To find the answer, the researchers conducted a number of interesting experiments placing the subjects of the experiments in positions to assist, or not assist others shortly after they played, a prosocial video game. Two of the experimental results are recapped be low.
In every instance, individuals who played a prosocial video game were more willing to help than those who did not play prosocial games. This has serious implications for organizations that don't just want to create games to provide content knowledge to players but who want to influence learners to perform in certain ways such as providing positive customer service experiences or positively portraying the values of the organization.

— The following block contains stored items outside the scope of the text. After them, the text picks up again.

lemma has_real_derivative_integral_dominated:
  fixes f f' :: "real \<Rightarrow> 'a \<Rightarrow> real" and g :: "'a \<Rightarrow> real"
  assumes C: "convex C" "t \<in> C" "t islimpt C"
    and deriv: "\<And>s z. s \<in> C \<Longrightarrow> ((\<lambda>s. f s z) has_real_derivative f' s z) (at s within C)"
    and int: "\<And>s. s \<in> C \<Longrightarrow> integrable M (f s)"
    and bound: "\<And>s z. s \<in> C \<Longrightarrow> \<bar>f' s z\<bar> \<le> g z" and g: "integrable M g"
  shows "((\<lambda>s. integral\<^sup>L M (f s)) has_real_derivative integral\<^sup>L M (f' t)) (at t within C)"
  unfolding has_field_derivative_iff
proof (rule Lim_within_LIMSEQ, intro allI impI)
  fix Y assume Y: "(\<forall>n. Y n \<noteq> t \<and> Y n \<in> C) \<and> Y \<longlonglongrightarrow> t"
  then have Yn: "Y n \<in> C" "Y n \<noteq> t" for n
    by simp_all
  have "(\<lambda>n. \<integral>z. (f (Y n) z - f t z) / (Y n - t) \<partial>M) \<longlonglongrightarrow> integral\<^sup>L M (f' t)"
  proof (rule integral_dominated_convergence[OF _ _ g])
    show "f' t \<in> borel_measurable M"
      by (rule borel_measurable_parametric_derivative[OF C(3,2) deriv[OF C(2)] borel_measurable_integrable[OF int]])
    show "(\<lambda>z. (f (Y n) z - f t z) / (Y n - t)) \<in> borel_measurable M" for n
      using int[OF Yn(1)] int[OF C(2)] by auto
    show "AE z in M. (\<lambda>n. (f (Y n) z - f t z) / (Y n - t)) \<longlonglongrightarrow> f' t z"
      using Y by (intro AE_I2 difference_quotient_LIMSEQ[OF deriv[OF C(2)]]) simp_all
    show "AE z in M. norm ((f (Y n) z - f t z) / (Y n - t)) \<le> g z" for n
    proof (rule AE_I2)
      fix z
      have "norm (f (Y n) z - f t z) \<le> g z * norm (Y n - t)"
        by (rule field_differentiable_bound[OF C(1), where f' = "\<lambda>s. f' s z"])
          (use deriv bound Yn(1) C(2) in auto)
      then show "norm ((f (Y n) z - f t z) / (Y n - t)) \<le> g z"
        using Yn(2) by (simp add: divide_le_eq)
    qed
  qed
  moreover have quotient_integral: "(\<integral>z. (f (Y n) z - f t z) / (Y n - t) \<partial>M)
      = (integral\<^sup>L M (f (Y n)) - integral\<^sup>L M (f t)) / (Y n - t)" for n
    by (simp add: int Yn(1) C(2))
  ultimately show "(\<lambda>n. (integral\<^sup>L M (f (Y n)) - integral\<^sup>L M (f t)) / (Y n - t)) \<longlonglongrightarrow> integral\<^sup>L M (f' t)"
    by (simp only: quotient_integral)
qed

The first experiment was designed to examine the impact of prosocial, aggressive, and neutral video games on spontaneous, unrequested assistance. The researchers used a common research measure of spontaneous, unrequested assistance; they "accidently" spilled pencils on the floor and observed whether or not the subjects assisted in picking them up.
First Osswald and Greitemeyer randomly assigned subjects ranging in age from 19 to 43 to one of three video game conditions. The prosocial game was Lemmings, in that game the object is to help a group of animals, called lemmings, to safety. The basic objective of the game is to guide the lemmings through a number of obstacles to a designated exit and save the required number of lemmings to win. During the entire game, the goal is to save as many lemmings as possible and the behavior of saving lemmings was deemed a prosocial behavior by the researchers.
The aggressive game was Lamers, which is the exact opposite of Lemmings. In Lamers, the player has an arsenal of weapons and attempts to destroy as many Lamers as possible so they do not reach their intended destination; if enough Lamers are destroyed, the player wins.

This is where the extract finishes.